As one of the most impactful emerging technologies, big data analytics and its related applications are powering the development of information technologies and are significantly shaping thinking and behavior in today’s interconnected world. Exploring the technological evolution of big data research is an effective way to enhance technology management and create value for research and development strategies for both government and industry. This paper uses a learning-enhanced bibliometric study to discover interactions in big data research by detecting and visualizing its evolutionary pathways. Concentrating on a set of 5840 articles derived from Web of Science covering the period between 2000 and 2015, text mining and bibliometric techniques are combined to profile the hotspots in big data research and its core constituents. A learning process is used to enhance the ability to identify the interactive relationships between topics in sequential time slices, revealing technological evolution and death. The outputs include a landscape of interactions within big data research from 2000 to 2015 with a detailed map of the evolutionary pathways of specific technologies. Empirical insights for related studies in science policy, innovation management, and entrepreneurship are also provided.

Introduction

It has been several years since the big data boom led a revolution in both re-shaping thinking and behavior in all sectors of modern society (Mayer-Schönberger and Cukier, 2013). The broad range of big data applications in business intelligence has been highlighted by both academic and business communities (Chen et al., 2012). Defined as “the means of managing, analyzing, visualizing, and extracting useful information from large, diverse, distributed, and heterogeneous data sets1 ”, big data analytics has become essential for the success of commerce (McAfee et al., 2012).

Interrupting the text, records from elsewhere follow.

theorem mainTheorem8:
  fixes m :: nat
  assumes "1 \<le> m"
  shows
    \<comment> \<open>each generated H^(j) has the form z^j + sum_{l>=1} H^j_l z^{-l}\<close>
    "(\<forall>h \<in> data_space m. \<forall>x. (\<lambda>k. gen m h k x) \<in> Hspace)
   \<and> \<comment> \<open>the H^j_l are differential polynomials in the coefficients of H^(1..m)\<close>
     (\<forall>j l. \<exists>p. dp_vars p \<subseteq> {(a, l'). 1 \<le> a \<and> a \<le> m \<and> 1 \<le> l'} \<and>
        (\<forall>h \<in> data_space m. \<forall>x. hc (gen m h j x) l = dp_eval p h x))
   \<and> \<comment> \<open>the first m currents are the given ones\<close>
     (\<forall>h \<in> data_space m. \<forall>a x. 1 \<le> a \<and> a \<le> m \<longrightarrow> gen m h a x = cur a (\<lambda>l. h a l x))
   \<and> \<comment> \<open>x \<mapsto> (H^(k)(x))_k is an integral curve of X_m\<close>
     (\<forall>h \<in> data_space m. integral_curve m (\<lambda>x k. gen m h k x))
   \<and> \<comment> \<open>converse: every integral curve arises from its first m currents\<close>
     (\<forall>\<gamma>. integral_curve m \<gamma> \<longrightarrow>
        first_currents m \<gamma> \<in> data_space m \<and>
        (\<forall>x k. \<gamma> x k = gen m (first_currents m \<gamma>) k x))
   \<and> \<comment> \<open>hence integral curves of X_m correspond bijectively to m-tuples of currents\<close>
     bij_betw (first_currents m) {\<gamma>. integral_curve m \<gamma>} (data_space m)"
proof (intro conjI)
  have m: "1 \<le> m" by (rule assms)
  show "\<forall>h \<in> data_space m. \<forall>x. (\<lambda>k. gen m h k x) \<in> Hspace"
    using gen_is_current[OF m] by (simp add: Hspace_iff_is_current)
  show "\<forall>j l. \<exists>p. dp_vars p \<subseteq> {(a, l'). 1 \<le> a \<and> a \<le> m \<and> 1 \<le> l'} \<and>
      (\<forall>h \<in> data_space m. \<forall>x. hc (gen m h j x) l = dp_eval p h x)"
    using is_diff_poly_gen_nth[OF m] unfolding is_diff_poly_def data_vars_def hc_def by blast
  show "\<forall>h \<in> data_space m. \<forall>a x. 1 \<le> a \<and> a \<le> m \<longrightarrow> gen m h a x = cur a (\<lambda>l. h a l x)"
    by (simp add: gen_cur)
  show "\<forall>h \<in> data_space m. integral_curve m (\<lambda>x k. gen m h k x)"
    using integral_curve_gen[OF m] by blast
  show "\<forall>\<gamma>. integral_curve m \<gamma> \<longrightarrow> first_currents m \<gamma> \<in> data_space m \<and>
      (\<forall>x k. \<gamma> x k = gen m (first_currents m \<gamma>) k x)"
    using first_currents_in_data_space integral_curve_eq_gen[OF m] by blast
  show "bij_betw (first_currents m) {\<gamma>. integral_curve m \<gamma>} (data_space m)"
  proof (rule bij_betw_byWitness[where f' = "\<lambda>h x k. gen m h k x"])
    show "\<forall>\<gamma> \<in> {\<gamma>. integral_curve m \<gamma>}. (\<lambda>x k. gen m (first_currents m \<gamma>) k x) = \<gamma>"
      using integral_curve_eq_gen[OF m] by auto
  qed (use first_currents_gen first_currents_in_data_space integral_curve_gen[OF m] in auto)
qed

end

Such increasing significance of big data, of course, attracts the attention of science, technology, and innovation policy (STIP) communities, and bridging big data with real-world STIP issues has been raised as an urgent task – e.g., investigating the potential (including both positive and negative impacts) of big data and providing feasible reactions for specific industry sectors (Kwon et al., 2015; Marx, 2013; Nobre and Tavares, 2017). Unfortunately, despite the ambition of big data analytics on creating “big impact” (Chen et al., 2012; Wamba et al., 2015), the success of big data analytics in non-IT companies is still limited (Court, 2015). Now is an opportune time to trace the evolution of big data research to discover the interactions between the techniques used in big data analytics and identify the crucial connections that have the potential to create and extend the sphere of “big impact”.